Skip to content

Welcome to Pipeteer

Pipeteer simplifies the complexity of durable execution whilst not hiding the underlying persistence.

Why Pipeteer?

Use pipeteer if you need...

  • Persistance: your app can stop or crash and resume at any time without losing progress
  • Observability: you can see the state of your app at any time, and modify it programmatically at runtime
  • Exactly-once semantics: your app can be stopped and resumed without dropping or duplicating work
  • Fault tolerance: if a task fails, it'll keep working on other tasks and retry it later
  • Explicitness: pipeteer's high level API is a very thin abstraction over SQLModel (for persistance) and ZeroMQ (for inter-process communication)

Proof of Concept

Definition.

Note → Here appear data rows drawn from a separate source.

text \<open>Indices 0..J-1.  A new block starts at k>0 iff gam (k-1) \<noteq> gam k; blk gam j is the
(0-based) index of the maximal block of consecutive equal values containing j.\<close>
definition blk :: "(nat \<Rightarrow> real) \<Rightarrow> nat \<Rightarrow> nat" where
  "blk gam j = card {k. 0 < k \<and> k \<le> j \<and> gam (k - 1) \<noteq> gam k}"

definition nblocks :: "nat \<Rightarrow> (nat \<Rightarrow> real) \<Rightarrow> nat" where
  "nblocks J gam = Suc (card {k. 0 < k \<and> k < J \<and> gam (k - 1) \<noteq> gam k})"

definition tie_mat :: "(nat \<Rightarrow> real) \<Rightarrow> nat \<Rightarrow> nat \<Rightarrow> real" where
  "tie_mat gam r j = (if r = blk gam j then 1 else 0)"

end

theory Submission
  imports Defs "Jordan_Normal_Form.Determinant"
begin

text \<open>
Both fits are orthogonal projections of \<open>y\<close>: \<open>H\<close> onto the column space of \<open>B\<close>, and \<open>H\<^sub>g\<close>
onto that of \<open>B G\<^sup>T\<close>, which lies inside it. Hence \<open>H - H\<^sub>g\<close> is again an orthogonal
projection and in particular positive semidefinite. For an orthogonal projection \<open>R\<close> and noise with
covariance \<open>\<sigma>\<^sup>2 I\<close>, the risk is bias plus variance,
\<open>E |R (f + \<epsilon>) - f|\<^sup>2 = |f|\<^sup>2 - f\<^sup>T R f + \<sigma>\<^sup>2 tr R\<close>, and \<open>tr R\<close> is the rank of \<open>R\<close>
(\<open>J\<close> for \<open>H\<close>, \<open>g\<close> for \<open>H\<^sub>g\<close>). So the two risks differ by \<open>f\<^sup>T (H - H\<^sub>g) f - \<sigma>\<^sup>2 (J - g)\<close>.
\<close>

section \<open>Matrix algebra\<close>

definition is_identity :: "nat \<Rightarrow> (nat \<Rightarrow> nat \<Rightarrow> real) \<Rightarrow> bool" where
  "is_identity k E \<longleftrightarrow> (\<forall>i<k. \<forall>j<k. E i j = (if i = j then 1 else 0))"

lemma mmul_assoc: "mmul k (mmul l A B) C = mmul l A (mmul k B C)"
  unfolding mmul_def
  by (auto intro!: ext simp: sum_distrib_left sum_distrib_right mult_ac intro: sum.swap)

lemma mtr_mmul: "mtr (mmul k A B) = mmul k (mtr B) (mtr A)"
  by (auto intro!: ext simp: mtr_def mmul_def mult_ac)

lemma mtr_mtr [simp]: "mtr (mtr A) = A"
  by (simp add: mtr_def)

lemma mvec_mmul: "mvec k (mmul l A B) v = mvec l A (mvec k B v)"
  unfolding mmul_def mvec_def
  by (auto intro!: ext simp: sum_distrib_left sum_distrib_right mult_ac intro: sum.swap)

lemma mmul_cong:
  assumes "\<forall>l<k. X i l = X' i l" and "\<forall>l<k. Y l j = Y' l j"
  shows "mmul k X Y i j = mmul k X' Y' i j"
  unfolding mmul_def using assms by (intro sum.cong) auto

lemma mmul_identity_right:
  assumes "is_identity k E" and "j < k"
  shows "mmul k X E i j = X i j"
proof -
  have "mmul k X E i j = (\<Sum>l<k. if l = j then X i l else 0)"
    unfolding mmul_def using assms by (intro sum.cong) (auto simp: is_identity_def)
  then show ?thesis using assms(2) by (simp add: sum.delta')
qed

lemma mmul_identity_left:
  assumes "is_identity k E" and "i < k"
  shows "mmul k E X i j = X i j"
proof -
  have "mmul k E X i j = (\<Sum>l<k. if i = l then X l j else 0)"
    unfolding mmul_def using assms by (intro sum.cong) (auto simp: is_identity_def)
  then show ?thesis using assms(2) by (simp add: sum.delta)
qed

lemma full_col_rank_mvec_iff:
  "full_col_rank n k A \<longleftrightarrow> (\<forall>c. (\<forall>i<n. mvec k A c i = 0) \<longrightarrow> (\<forall>j<k. c j = 0))"
  by (simp add: full_col_rank_def mvec_def)

lemma full_col_rank_mmul:
  assumes "full_col_rank n k A" and "full_col_rank k g C"
  shows "full_col_rank n g (mmul k A C)"
  unfolding full_col_rank_mvec_iff mvec_mmul
proof (rule allI, rule impI)
  fix c assume "\<forall>i<n. mvec k A (mvec g C c) i = 0"
  then have "\<forall>j<k. mvec g C c j = 0"
    using assms(1) by (simp add: full_col_rank_mvec_iff)
  then show "\<forall>r<g. c r = 0"
    using assms(2) by (simp add: full_col_rank_mvec_iff)
qed

lemma sum_sq_mvec_eq_qform_gram:
  "(\<Sum>i<n. (mvec k A c i)\<^sup>2) = qform k (mmul n (mtr A) A) c"
proof -
  have "(\<Sum>i<n. (mvec k A c i)\<^sup>2) = (\<Sum>i<n. \<Sum>j<k. \<Sum>l<k. c j * (A i j * A i l) * c l)"
    by (simp add: mvec_def power2_eq_square sum_product mult_ac)
  also have "\<dots> = (\<Sum>j<k. \<Sum>l<k. \<Sum>i<n. c j * (A i j * A i l) * c l)"
    by (subst sum.swap) (intro sum.cong refl sum.swap)
  also have "\<dots> = qform k (mmul n (mtr A) A) c"
    by (simp add: qform_def mmul_def mtr_def sum_distrib_left sum_distrib_right mult_ac)
  finally show ?thesis .
qed

lemma full_col_rank_gram:
  assumes "full_col_rank n k A"
  shows "full_col_rank k k (mmul n (mtr A) A)"
  unfolding full_col_rank_mvec_iff
proof (rule allI, rule impI)
  fix c assume "\<forall>i<k. mvec k (mmul n (mtr A) A) c i = 0"
  then have "qform k (mmul n (mtr A) A) c = 0"
    by (simp add: qform_def mvec_def sum_distrib_left[symmetric] mult.assoc)
  then have "(\<Sum>i<n. (mvec k A c i)\<^sup>2) = 0"
    by (simp add: sum_sq_mvec_eq_qform_gram)
  then have "\<forall>i<n. mvec k A c i = 0"
    by (simp add: sum_nonneg_eq_0_iff)
  then show "\<forall>j<k. c j = 0"
    using assms by (simp add: full_col_rank_mvec_iff)
qed

lemma full_col_rank_square_invertible:
  assumes inj: "full_col_rank k k S"
  shows "\<exists>Si. is_identity k (mmul k S Si) \<and> is_identity k (mmul k Si S)"
proof -
  define A where "A = mat k k (\<lambda>(i, j). S i j)"
  have A: "A \<in> carrier_mat k k" by (simp add: A_def)
  have "det A \<noteq> 0"
  proof
    assume "det A = 0"
    then obtain v where v: "v \<in> carrier_vec k" "v \<noteq> 0\<^sub>v k" "A *\<^sub>v v = 0\<^sub>v k"
      using det_0_iff_vec_prod_zero_field[OF A] by auto
    define c where "c j = (if j < k then v $ j else 0)" for j
    have "\<forall>i<k. (\<Sum>j<k. S i j * c j) = 0"
    proof (intro allI impI)
      fix i assume i: "i < k"
      have "(A *\<^sub>v v) $ i = 0" using v i by simp
      then show "(\<Sum>j<k. S i j * c j) = 0"
        using i v(1) by (simp add: A_def scalar_prod_def c_def lessThan_atLeast0 row_def)
    qed
    with inj have "\<forall>j<k. c j = 0" unfolding full_col_rank_def by blast
    then have "v = 0\<^sub>v k" using v(1) by (intro eq_vecI) (auto simp: c_def)
    with v show False by simp
  qed
  then have "A \<in> Units (ring_mat TYPE(real) k ())" by (rule det_non_zero_imp_unit[OF A])
  then obtain B where B: "B \<in> carrier_mat k k" "A * B = 1\<^sub>m k" "B * A = 1\<^sub>m k"
    by (auto simp: Units_def ring_mat_def)
  show ?thesis
  proof (intro exI[of _ "\<lambda>i j. B $$ (i, j)"] conjI)
    have "(A * B) $$ (i, j) = (if i = j then 1 else 0)" if "i < k" "j < k" for i j
      using B that by simp
    then show "is_identity k (mmul k S (\<lambda>i j. B $$ (i, j)))"
      using B unfolding is_identity_def
      by (simp add: A_def mmul_def scalar_prod_def lessThan_atLeast0 row_def col_def)
    have "(B * A) $$ (i, j) = (if i = j then 1 else 0)" if "i < k" "j < k" for i j
      using B that by simp
    then show "is_identity k (mmul k (\<lambda>i j. B $$ (i, j)) S)"
      using B unfolding is_identity_def
      by (simp add: A_def mmul_def scalar_prod_def lessThan_atLeast0 row_def col_def)
  qed
qed

lemma minv_inverse:
  assumes "full_col_rank k k S"
  shows "is_identity k (mmul k S (minv k S))" and "is_identity k (mmul k (minv k S) S)"
  using someI_ex[OF full_col_rank_square_invertible[OF assms]]
  unfolding minv_def is_identity_def by blast+

section \<open>Hat matrices and orthogonal projections\<close>

definition pinv :: "nat \<Rightarrow> nat \<Rightarrow> (nat \<Rightarrow> nat \<Rightarrow> real) \<Rightarrow> nat \<Rightarrow> nat \<Rightarrow> real" where
  "pinv n k A = mmul k (minv k (mmul n (mtr A) A)) (mtr A)"

definition hat_mat :: "nat \<Rightarrow> nat \<Rightarrow> (nat \<Rightarrow> nat \<Rightarrow> real) \<Rightarrow> nat \<Rightarrow> nat \<Rightarrow> real" where
  "hat_mat n k A = mmul k A (pinv n k A)"

definition orth_proj :: "nat \<Rightarrow> (nat \<Rightarrow> nat \<Rightarrow> real) \<Rightarrow> bool" where
  "orth_proj n R \<longleftrightarrow> mtr R = R \<and> mmul n R R = R"

context
  fixes n k :: nat and A :: "nat \<Rightarrow> nat \<Rightarrow> real"
  assumes full_rank: "full_col_rank n k A"
begin

lemma pinv_left_inverse: "is_identity k (mmul n (pinv n k A) A)"
  using minv_inverse(2)[OF full_col_rank_gram[OF full_rank]]
  by (simp add: pinv_def mmul_assoc)

lemma minv_gram_sym:
  assumes "i < k" and "j < k"
  shows "minv k (mmul n (mtr A) A) j i = minv k (mmul n (mtr A) A) i j"
proof -
  let ?S = "mmul n (mtr A) A" and ?M = "minv k (mmul n (mtr A) A)"
  have S_sym: "mtr ?S = ?S" by (simp add: mtr_mmul)
  note right_inv = minv_inverse(1)[OF full_col_rank_gram[OF full_rank]]
  have "mtr ?M i j = mmul k (mtr ?M) (mmul k ?S ?M) i j"
    using mmul_identity_right[OF right_inv assms(2)] by simp
  also have "\<dots> = mmul k (mtr (mmul k ?S ?M)) ?M i j"
    by (simp add: mmul_assoc[symmetric] mtr_mmul S_sym)
  also have "\<dots> = ?M i j"
    by (rule mmul_identity_left) (use right_inv assms in \<open>auto simp: is_identity_def mtr_def\<close>)
  finally show ?thesis by (simp add: mtr_def)
qed

lemma hat_mat_sym: "mtr (hat_mat n k A) = hat_mat n k A"
proof (intro ext)
  fix i j
  have "mtr (hat_mat n k A) i j = mmul k (mmul k A (mtr (minv k (mmul n (mtr A) A)))) (mtr A) i j"
    by (simp add: hat_mat_def pinv_def mtr_mmul mmul_assoc)
  also have "\<dots> = hat_mat n k A i j"
    unfolding hat_mat_def pinv_def mmul_assoc[symmetric]
    by (rule mmul_cong) (auto simp: mmul_def mtr_def intro!: sum.cong dest: minv_gram_sym)
  finally show "mtr (hat_mat n k A) i j = hat_mat n k A i j" .
qed

lemma hat_mat_fixes_cols:
  assumes "j < k"
  shows "mmul n (hat_mat n k A) A i j = A i j"
  using mmul_identity_right[OF pinv_left_inverse assms]
  by (simp add: hat_mat_def mmul_assoc)

lemma hat_mat_idem: "mmul n (hat_mat n k A) (hat_mat n k A) = hat_mat n k A"
proof (intro ext)
  fix i j
  have "mmul n (hat_mat n k A) (hat_mat n k A) i j = mmul k A (mmul k (mmul n (pinv n k A) A) (pinv n k A)) i j"
    by (simp add: hat_mat_def mmul_assoc)
  also have "\<dots> = hat_mat n k A i j"
    unfolding hat_mat_def
    by (rule mmul_cong) (auto intro: mmul_identity_left[OF pinv_left_inverse])
  finally show "mmul n (hat_mat n k A) (hat_mat n k A) i j = hat_mat n k A i j" .
qed

lemma orth_proj_hat_mat: "orth_proj n (hat_mat n k A)"
  by (simp add: orth_proj_def hat_mat_sym hat_mat_idem)

lemma trace_hat_mat: "(\<Sum>i<n. hat_mat n k A i i) = real k"
proof -
  have "(\<Sum>i<n. hat_mat n k A i i) = (\<Sum>l<k. mmul n (pinv n k A) A l l)"
    unfolding hat_mat_def mmul_def by (subst sum.swap) (simp add: mult.commute)
  also have "\<dots> = (\<Sum>l<k. 1)"
    using pinv_left_inverse by (simp add: is_identity_def)
  finally show ?thesis by simp
qed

You can define a durable workflow this easy:

from pipeteer import activity, workflow, WorkflowContext

@activity()
async def double(x: int) -> int:
  return 2*x

@workflow()
async def quad(x: int, ctx: WorkflowContext) -> int:
  x2 = await ctx.call(double, x)
  x4 = await ctx.call(double, x2)
  return x4

Worker. And here's how to run it:

import asyncio
from pipeteer import DB, Context

db = DB.at('pipeline.db')
ctx = Context.of(db)

async def main():
  await asyncio.gather(
    double.run(ctx),
    quad.run(ctx),
    ctx.zmq.proxy(),
  )

Input. How to give it tasks?

from pipeteer import DB, Context

db = DB.at('pipeline.db')
ctx = Context.of(db)

Input = quad.input(ctx)
with db.session as s:
  s.add(Input(key='task', value=1, output='my-output'))
  s.commit()

await quad.notify(ctx)

Output. How to get the results?

from sqlmodel import select
from pipeteer import DB, Context

db = DB.at('pipeline.db')
ctx = Context.of(db)

Output = quad.output(ctx, 'my-output')
while True:
  with db.session as s:
    for entry in s.exec(select(Output)):
      print(f'Output: {entry.key} -> {entry.value}')
      s.delete(entry)
    s.commit()
  await ctx.wait('my-output')